Tuesday, January 10, 2012

317, A Love Story

* Years ago I was asked to write a version of this story. At the time I didn't fathom myself a writer and so I didn't. Little did I know that one day it would have an even better ending.


Pulaski Street is a small, unremarkable residential road off Nebraska Avenue - one of the main streets in the old Kuschwantz village in Toledo.  The homes that stood there were modest and tidy and filled with Polish Catholic families that were struggling during the Great Depression.

A teenage boy worked a long day ushering after school in a downtown theatre. Tired he boarded a bus and headed home to Pulaski Street. His family was struggling and his meager pay check at the theatre was helping, but not nearly enough he would soon learn. He disembarked from the bus and walked home and stared at his house. Littering the lawn were his families' belongings and strangers were moving in their things. He didn't know where his family was, the bank had foreclosed and no one left a forwarding address. He was alone, confused and bewildered. It wasn't the first or the last home that his family would lose to the bank in an era where many homes and fortunes were. The house at 317 Pulaski Street would be just one of dozens of places that he would call home.

His story was like a lot of others from the day - struggled through the Depression, signed up for the Army at 18 when a recruiter guaranteed him that he would never leave the states, boot camp, shipped off to Africa as a radio signal controller in World War II, honorably discharged and came home to find work in a paper factory in his hometown.  He was one of the few that went off to war unmarried and now that he was home his sister was anxious to set him up with a woman she worked with at the glove factory, she would introduce him at a wedding they were all attending that weekend. Marriage was the expected next step in life. Handsome with stunning blue eyes every one of the four woman he asked out the night of that wedding said yes, including the one his sister insisted he ask.

So, that late fall day he set out in a cab on the way to pick up his first date for the night. Little did he know that she looked out the window and asked her mother to lie and say she wasn't home, she didn't want to go on the date she made. Her mother refused, saying he'd spent the money on a cab. So reluctantly she went off on a date to listen to live music and share a drink at Kaycee's. In the course of the night, he excused himself and used a pay phone to cancel his second date he'd scheduled for later in the night.

During the course of the very good first date the couple started sharing stories of all the homes they lived in in the Polish neighborhood. And while they went back and forth in the litany of homes and streets in which they had resided, he mentioned the day he came home to Pulaski Street. "We lived on Pulaski Street too, where?," she asked.

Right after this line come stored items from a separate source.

(* For a random partition $p$ the following are equivalent: (i) $p$ generates the potential for TU games, i.e., $\sum_{\pi\in\Pi(N)}p_N(\pi)\sum_{B\in\pi}v(B)=\mathrm{Pot}(v)$ for all $N\subseteq\mathbf{U}$ and all TU games $v$ on $N$; (ii) $\sum_{\pi\in\Pi(N):T\in\pi}p_N(\pi)=\frac{(n-t)!(t-1)!}{n!}$ for all $N\subseteq\mathbf{U}$ and nonempty $T\subseteq N$; (iii) for all $N\subseteq\mathbf{U}$, $i\in N$, and nonempty $S\subseteq N\setminus\{i\}$, $$\sum_{\pi\in\Pi((N\setminus\{i\})\setminus S)}p_{N\setminus\{i\}}(\{S\}\cup\pi)=\frac{n}{n-s}\sum_{\pi\in\Pi((N\setminus\{i\})\setminus S)}\sum_{B\in\pi\cup\{\emptyset\}}p_N(\{S\}\cup\pi_{+i\leadsto B}).$$
   Context: $\mathbf{U}$ is a finite set of players; cardinalities of $N,S,T,B$ are $n,s,t,b$. $\Pi(N)$ is the set of partitions of $N$ ($\Pi(\emptyset)=\{\emptyset\}$). A random partition is a family $p=(p_N)_{N\subseteq\mathbf{U}}$ with $p_N$ a probability distribution on $\Pi(N)$. For $\pi\in\Pi(M)$, $i\notin M$, $B\in\pi$: $\pi_{+i\leadsto B}=(\pi\setminus\{B\})\cup\{B\cup\{i\}\}$ and $\pi_{+i\leadsto\emptyset}=\pi\cup\{\{i\}\}$. A TU game on $N$ is $v:2^N\to\mathbb{R}$ with $v(\emptyset)=0$; $v_{-i}$ denotes its restriction to subsets of $N\setminus\{i\}$. $\mathrm{Pot}$ is the potential for TU games: the unique map with value $0$ on the game with empty player set and $\sum_{i\in N}[\mathrm{Pot}(v)-\mathrm{Pot}(v_{-i})]=v(N)$; explicitly $\mathrm{Pot}(v)=\sum_{\emptyset\ne S\subseteq N}\frac{(s-1)!(n-s)!}{n!}v(S)$. *)

theory Defs
  imports Complex_Main "HOL-Library.Disjoint_Sets"
begin

text \<open>Partitions of N: Pi(N) = {pi. partition_on N pi}; note partition_on {} {} holds.\<close>
definition Partitions :: "'a set \<Rightarrow> 'a set set set" where
  "Partitions N = {\<pi>. partition_on N \<pi>}"

definition random_partition :: "'a set \<Rightarrow> ('a set \<Rightarrow> 'a set set \<Rightarrow> real) \<Rightarrow> bool" where
  "random_partition U p \<longleftrightarrow>
     (\<forall>N. N \<subseteq> U \<longrightarrow> (\<forall>\<pi>\<in>Partitions N. p N \<pi> \<ge> 0) \<and> (\<Sum>\<pi>\<in>Partitions N. p N \<pi>) = 1)"

text \<open>A TU game on N: a function on subsets with v {} = 0 (values outside 2^N are irrelevant).\<close>
definition Pot :: "'a set \<Rightarrow> ('a set \<Rightarrow> real) \<Rightarrow> real" where
  "Pot N v = (\<Sum>S\<in>{S. S \<subseteq> N \<and> S \<noteq> {}}.
      fact (card S - 1) * fact (card N - card S) / fact (card N) * v S)"

text \<open>pi_{+i ~> B}: add player i to block B, or as a singleton if B = {}.\<close>
definition join_block :: "'a set set \<Rightarrow> 'a \<Rightarrow> 'a set \<Rightarrow> 'a set set" where
  "join_block \<pi> i B = (if B = {} then insert {i} \<pi> else insert (insert i B) (\<pi> - {B}))"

And then in unison their words collided as they both said "317." Turns out he happened to be on a date with a woman that was moving in the day he stood on the street and watched another family move into "his" home. And all the time that she'd worked with his sister and shared lunch breaks with her they had never stumbled upon the topic that they had lived in the same home.

Six months later the couple married and 317 was always their "lucky" number.

For nearly 50 years they shared a life not unlike a typical family of their day. She was a homemaker and he worked his way up at the paper factory into an office management job. They had three girls and later four grandchildren. It was a good, but from many standards, an unremarkable marriage.

But throughout the years, 317 remained their lucky number. And, it many times won him modestly large amounts of money in the lottery and in other games of chance.

In March of 1996, three months shy of their 50th anniversary in the midst of planning a big party, he suffered a brief illness and died. That day after the family left the intensive care unit they all made a trek and played 317 in the lottery in his honor, but no one won that day.

And for days and then months and, then just because it became a novelty to see when, years, the family watched the lottery numbers and 317 never, ever appeared. Ten years and the number never showed. He'd taken his number with him.

In 2006, she was diagnosed with pancreatic cancer. And as the illness escalated, as is common in terminal illnesses, she told many of the family that she'd be home for the great big birthday party. All knew that she was predicting her death day in a cryptic way, but none of them would put together the puzzle until standing by her bedside on January 10, having just witnessed her last breath one of them said the date - it's grandpa's/dad's/her husband's birthday - she was indeed home with her love for the big party.

And then to break the silence almost an hour later, one member of the family turned on the television just in time to see the number "3 - 1 - 7" flash across screen. And at that point, the love story was complete. A small sign that once again the couple was happy and enjoying the beginning of their endless life together again.

___

Happy Birthday, Grandpa! And thank you for encouraging me in your own way years ago to find a way to write your love story, for seeing the writer inside me that I didn't know was there and for giving us your small sign of comfort that night.